HOŞGELDİNİZ! BUGÜN 03 AĞUSTOS 2025, PAZAR


HANIM

03.08.2025 00:00
Toplumumuzda garip, garip sözler var. Özellikle de evlilikle ilgili. Bu nikah ta ayağa basma işiyle başlayıp
devam ediyor. Kadınlar arasında var mı, bilmiyorum? Ama erkekler arasında epeyce var. Hatta aile faciasına
sebep olacak çapta. Meşhur "Bekara karı boşamak kolaydır." sözünü duymayan var mıdır?

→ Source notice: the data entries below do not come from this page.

text \<open>Weak solution of (P):  -(a u')' = -(phi(u))' - g'  in D'(0,L).\<close>
definition weak_solution ::
  "real \<Rightarrow> (real \<Rightarrow> real) \<Rightarrow> (real \<Rightarrow> real) \<Rightarrow> (real \<Rightarrow> ereal) \<Rightarrow> (real \<Rightarrow> real) \<Rightarrow> bool" where
  "weak_solution L a g \<phi> u \<longleftrightarrow>
     (\<exists>u'. H10_with_deriv L u u'
        \<and> (AE x in lebesgue_on {0<..<L}. \<phi> (u x) \<noteq> \<infinity>)
        \<and> L2_on L (\<lambda>x. real_of_ereal (\<phi> (u x)))
        \<and> (\<forall>\<psi>. test_fun L \<psi> \<longrightarrow>
             (\<integral>x. a x * u' x * deriv \<psi> x \<partial>lebesgue_on {0<..<L})
           = (\<integral>x. (real_of_ereal (\<phi> (u x)) + g x) * deriv \<psi> x \<partial>lebesgue_on {0<..<L})))"

end

theory Submission
  imports Defs
begin

text \<open>A weak solution u lies in H^1_0(0,L), so it agrees a.e. with the continuous function
  W(x) = integral of u' over [0,x]; since \<phi>(u) is finite a.e. and \<phi>(0) = \<infinity>, W is not
  identically zero. Pick x0 with W(x0) > 0 (the case W(x0) < 0 is symmetric) and let x1 < x0 be
  the last zero of W before x0. For a primitive P of \<phi> on (0,\<infinity>) and x1 < a < x0, a chain rule
  inequality for the absolutely continuous W bounds P(W(x0)) - P(W(a)) by the integral of
  (|\<phi>(W)| + 1) |u'| over [a,x0], which is finite because \<phi>(u) and u' are both in L^2.
  But P(W(a)) tends to -\<infinity> as a tends to x1, because \<phi> is not integrable at 0.\<close>

lemma mono_on_if_locally_mono:
  fixes Q :: "real \<Rightarrow> 'a::order"
  assumes "0 < d"
    and local_mono: "\<And>x y. a \<le> x \<Longrightarrow> x \<le> y \<Longrightarrow> y \<le> b \<Longrightarrow> y - x < d \<Longrightarrow> Q x \<le> Q y"
  shows "mono_on {a..b} Q"
proof (rule mono_onI)
  fix x y assume x: "x \<in> {a..b}" and y: "y \<in> {a..b}" and "x \<le> y"
  have steps: "\<forall>y. x \<le> y \<longrightarrow> y \<le> b \<longrightarrow> y \<le> x + real n * (d/2) \<longrightarrow> Q x \<le> Q y" for n
  proof (induction n)
    case 0
    then show ?case by simp
  next
    case (Suc n)
    show ?case
    proof (intro allI impI)
      fix y assume y: "x \<le> y" "y \<le> b" "y \<le> x + real (Suc n) * (d/2)"
      define z where "z = max x (y - d/2)"
      have "z \<le> x + real n * (d/2)"
        using y(3) \<open>0 < d\<close> by (simp add: z_def algebra_simps add_divide_distrib)
      moreover have "x \<le> z" "z \<le> b"
        using y \<open>0 < d\<close> by (auto simp: z_def)
      ultimately have "Q x \<le> Q z"
        using Suc.IH by blast
      also have "Q z \<le> Q y"
        using local_mono[of z y] x y \<open>0 < d\<close> by (auto simp: z_def)
      finally show "Q x \<le> Q y" .
    qed
  qed
  obtain n :: nat where "(y - x) / (d/2) \<le> real n"
    using real_arch_simple by blast
  then have "y \<le> x + real n * (d/2)"
    using \<open>0 < d\<close> by (simp add: field_simps)
  then show "Q x \<le> Q y"
    using steps \<open>x \<le> y\<close> y by auto
qed

definition primitive :: "(real \<Rightarrow> real) \<Rightarrow> real \<Rightarrow> real \<Rightarrow> real" where
  "primitive f c s = (if c \<le> s then integral {c..s} f else - integral {s..c} f)"

lemma primitive_diff:
  assumes "f integrable_on {min p c..max q c}" "p \<le> q"
  shows "primitive f c q - primitive f c p = integral {p..q} f"
proof -
  have int: "f integrable_on {s..t}" if "min p c \<le> s" "t \<le> max q c" for s t
    using integrable_on_subinterval[OF assms(1)] that by auto
  consider "c \<le> p" | "p < c" "c \<le> q" | "q < c"
    by linarith
  then show ?thesis
  proof cases
    case 1
    then show ?thesis
      using Henstock_Kurzweil_Integration.integral_combine[where a=c and c=p and b=q and f=f]
        int[of c q] assms(2)
      by (simp add: primitive_def)
  next
    case 2
    then show ?thesis
      using Henstock_Kurzweil_Integration.integral_combine[where a=p and c=c and b=q and f=f]
        int[of p q]
      by (simp add: primitive_def)
  next
    case 3
    then show ?thesis
      using Henstock_Kurzweil_Integration.integral_combine[where a=p and c=q and b=c and f=f]
        int[of p c] assms(2)
      by (simp add: primitive_def)
  qed
qed

lemma primitive_diff_bound:
  assumes "continuous_on {0<..} f" "0 < c" "0 < p" "0 < q"
    and bound: "\<And>s. min p q \<le> s \<Longrightarrow> s \<le> max p q \<Longrightarrow> \<bar>f s\<bar> \<le> B"
  shows "\<bar>primitive f c q - primitive f c p\<bar> \<le> B * \<bar>q - p\<bar>"
proof -
  have le: "\<bar>primitive f c t - primitive f c s\<bar> \<le> B * (t - s)"
    if "0 < s" "s \<le> t" "\<And>r. s \<le> r \<Longrightarrow> r \<le> t \<Longrightarrow> \<bar>f r\<bar> \<le> B" for s t
  proof -
    have int: "f integrable_on {min s c..max t c}"
      by (rule integrable_continuous_interval, rule continuous_on_subset[OF assms(1)])
         (use that \<open>0 < c\<close> in auto)
    have "norm (integral {s..t} f) \<le> B * measure lborel {s..t}"
      by (rule has_integral_bound_real[where S="{}"])
         (use that integrable_on_subinterval[OF int, of s t] in
           \<open>auto intro: order_trans[OF abs_ge_zero]\<close>)
    then show ?thesis
      using primitive_diff[OF int \<open>s \<le> t\<close>] \<open>s \<le> t\<close> by simp
  qed
  show ?thesis
  proof (cases "p \<le> q")
    case True
    then show ?thesis using le[of p q] bound assms(3) by auto
  next
    case False
    then show ?thesis using le[of q p] bound assms(4) by (auto simp: abs_minus_commute)
  qed
qed

lemma primitive_comp_diff_bound:
  fixes U v f :: "real \<Rightarrow> real"
  assumes "x \<le> y" and "continuous_on {x..y} U" and "\<And>t. t \<in> {x..y} \<Longrightarrow> 0 < U t"
    and v: "v absolutely_integrable_on {x..y}" and U_diff: "U y - U x = integral {x..y} v"
    and "continuous_on {0<..} f" "0 < c"
    and bound: "\<And>t. t \<in> {x..y} \<Longrightarrow> \<bar>f (U t)\<bar> \<le> B"
  shows "\<bar>primitive f c (U y) - primitive f c (U x)\<bar> \<le> B * integral {x..y} (\<lambda>t. \<bar>v t\<bar>)"
proof -
  have "connected (U ` {x..y})"
    using \<open>continuous_on {x..y} U\<close> by (intro connected_continuous_image) auto
  then have range: "{min (U x) (U y)..max (U x) (U y)} \<subseteq> U ` {x..y}"
    using \<open>x \<le> y\<close> by (intro connected_contains_Icc) (auto simp: min_def max_def)
  have lipschitz: "\<bar>primitive f c (U y) - primitive f c (U x)\<bar> \<le> B * \<bar>U y - U x\<bar>"
    by (rule primitive_diff_bound) (use assms range in \<open>auto dest!: subsetD\<close>)
  have "\<bar>U y - U x\<bar> \<le> integral {x..y} (\<lambda>t. \<bar>v t\<bar>)"
    using U_diff integral_norm_bound_integral[of v "{x..y}" "\<lambda>t. \<bar>v t\<bar>"] v
    by (auto simp: absolutely_integrable_on_def)
  moreover have "0 \<le> B"
    using bound[of x] \<open>x \<le> y\<close> by (auto intro: order_trans[OF abs_ge_zero])
  ultimately show ?thesis
    using lipschitz by (meson mult_left_mono order_trans)
qed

Ancak yüzde yüz
doğrudur diyebilirim. "Yuları karının eline vermiş." Sözüne ne diyeceğiz.
Çalıştığımız iş yerinden biri, otobüste hanımıyla gördüğü arkadaşına; "Yav arkadaş! Geçen gördüğüm mü
hanımın yoksa bu mu?" demez mi? Orda ki arkadaşın durumunu düşünün. Ertesi gün iş yerinde tartışmışlar.
"Sen benim ocağımı mı yıkacaksın?" Deyince. "Şaka yaptım." Demez mi? Böyle şaka olur mu? Ne şakası
diyeceğiz buna? Lisede çok yaramaz bir arkadaşımız vardı. Böyle olunca hiçbir işte dikiş tutturamamış.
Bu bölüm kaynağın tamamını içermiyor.